- Saint-Michel Location of Saint-Michel in Montreal Saint-Michel Saint-Michel (Canada)
- Coordinates: 45°33′50″N 073°36′35″W﻿ / ﻿45.56389°N 73.60972°W
- Country: Canada
- Province: Quebec
- City: Montreal
- Borough: Villeray-Saint-Michel-Parc-Extension
- Postal Code: H1Z, H2A
- Area codes: 514, 438

= Saint-Michel, Montreal =

Neighbourhood in Montreal, Canada

Saint-Michel (/fr/) is a neighbourhood in the Montreal borough of
Villeray–Saint-Michel–Parc-Extension. It is named after a colonial-era road in the neighbourhood.

Its boundaries correspond to the former city of Ville Saint Michel, which was annexed to Montreal in 1968. This formerly independent city was known as Saint-Michel-de-Laval from its inception in 1912 to 1914 and Ville Saint Michel from 1914 to 1968. This was one of the last cities to be merged into Montreal before the 2002 municipal reorganization.

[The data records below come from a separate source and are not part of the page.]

lemma kappa_mix_ge_min:
  assumes x: "x permutes {1..n}" and y: "y permutes {1..n}" and m: "m permutes {1..n}"
    and close: "\<forall>k\<in>{1..n}. iota n x k \<le> iota n y k + 1 \<and> iota n y k \<le> iota n x k + 1"
    and mix: "\<forall>k\<in>{1..n}. iota n m k = iota n x k \<or> iota n m k = iota n y k"
    and k: "k \<in> {1..n}"
  shows "min (kappa n x k) (kappa n y k) \<le> kappa n m k"
proof -
  obtain i where i: "k = Suc i" "i < n" using k by (cases k) auto
  have "min (lehmer_code (one_line n x) i) (lehmer_code (one_line n y) i)
      \<le> lehmer_code (one_line n m) i"
  proof (rule lehmer_code_mix_ge_min)
    show "\<forall>v\<in>set (one_line n x). inv_table (one_line n x) v \<le> inv_table (one_line n y) v + 1
        \<and> inv_table (one_line n y) v \<le> inv_table (one_line n x) v + 1"
      using close by (simp add: set_one_line[OF x] iota_one_line[OF x] iota_one_line[OF y])
    show "\<forall>v\<in>set (one_line n x). inv_table (one_line n m) v = inv_table (one_line n x) v
        \<or> inv_table (one_line n m) v = inv_table (one_line n y) v"
      using mix by (simp add: set_one_line[OF x] iota_one_line[OF x] iota_one_line[OF y]
          iota_one_line[OF m])
  qed (use i x y m distinct_one_line set_one_line in auto)
  then show ?thesis
    using i by (simp add: kappa_one_line[OF x] kappa_one_line[OF y] kappa_one_line[OF m])
qed

lemma mix_in_Lset:
  assumes x: "x \<in> Lset n w z" and y: "y \<in> Lset n w z" and m: "m permutes {1..n}"
    and mix: "\<forall>k\<in>{1..n}. iota n m k = iota n x k \<or> iota n m k = iota n y k"
  shows "m \<in> Lset n w z"
proof -
  have perms: "x permutes {1..n}" "y permutes {1..n}"
    and bounds: "\<forall>k\<in>{1..n}. int (iota n z k) - 1 \<le> int (iota n x k) \<and> iota n x k \<le> iota n z k"
      "\<forall>k\<in>{1..n}. int (iota n z k) - 1 \<le> int (iota n y k) \<and> iota n y k \<le> iota n z k"
    and codes: "\<forall>k\<in>{1..n}. kappa n w k \<le> kappa n x k" "\<forall>k\<in>{1..n}. kappa n w k \<le> kappa n y k"
    using x y by (simp_all add: Lset_def Cvee_def)
  have "\<forall>k\<in>{1..n}. iota n x k \<le> iota n y k + 1 \<and> iota n y k \<le> iota n x k + 1"
    using bounds by fastforce
  then have "min (kappa n x k) (kappa n y k) \<le> kappa n m k" if "k \<in> {1..n}" for k
    using kappa_mix_ge_min[OF perms m _ mix that] by blast
  then have "\<forall>k\<in>{1..n}. kappa n w k \<le> kappa n m k"
    using codes by fastforce
  moreover have "\<forall>k\<in>{1..n}. int (iota n z k) - 1 \<le> int (iota n m k) \<and> iota n m k \<le> iota n z k"
    using bounds mix by metis
  ultimately show ?thesis using m by (simp add: Lset_def Cvee_def)
qed

theorem lemma5p2:
  fixes n :: nat and w z x y :: "nat \<Rightarrow> nat"
  assumes "w permutes {1..n}" and "z permutes {1..n}"
    and "x \<in> Lset n w z" and "y \<in> Lset n w z"
  shows "perm_meet n x y \<in> Lset n w z \<and> perm_join n x y \<in> Lset n w z"
proof -
  have "x permutes {1..n}" "y permutes {1..n}"
    using assms(3,4) by (simp_all add: Lset_def Cvee_def)
  then have "\<forall>k\<in>{1..n}. min (iota n x k) (iota n y k) \<le> n - k"
    "\<forall>k\<in>{1..n}. max (iota n x k) (iota n y k) \<le> n - k"
    using iota_le by (simp_all add: min.coboundedI1)
  from this[THEN permutes_perm_of_table] this[THEN iota_perm_of_table] show ?thesis
    unfolding perm_meet_def perm_join_def
    by (intro conjI mix_in_Lset[OF assms(3,4)]) (auto simp: min_def max_def)
qed

end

== Saint Michel Boulevard ==

Saint-Michel Boulevard (Boulevard Saint-Michel) in Montreal is a broad north–south thoroughfare in the east of Montreal Island, Quebec, and crosses much of the island. Montreal also has a metro station called Saint-Michel.

=== History ===
It has an ancient origin. Called "Montée Saint-Michel" as early as 1707 and then "Chemin de Saint-Michel" or "Chemin du Sault," it was the main north–south axis of the area, leading north to Côte-Saint-Michel Road (now Crémazie Boulevard) and Sault-au-Récollet. The road was named in honour of Archangel Michael.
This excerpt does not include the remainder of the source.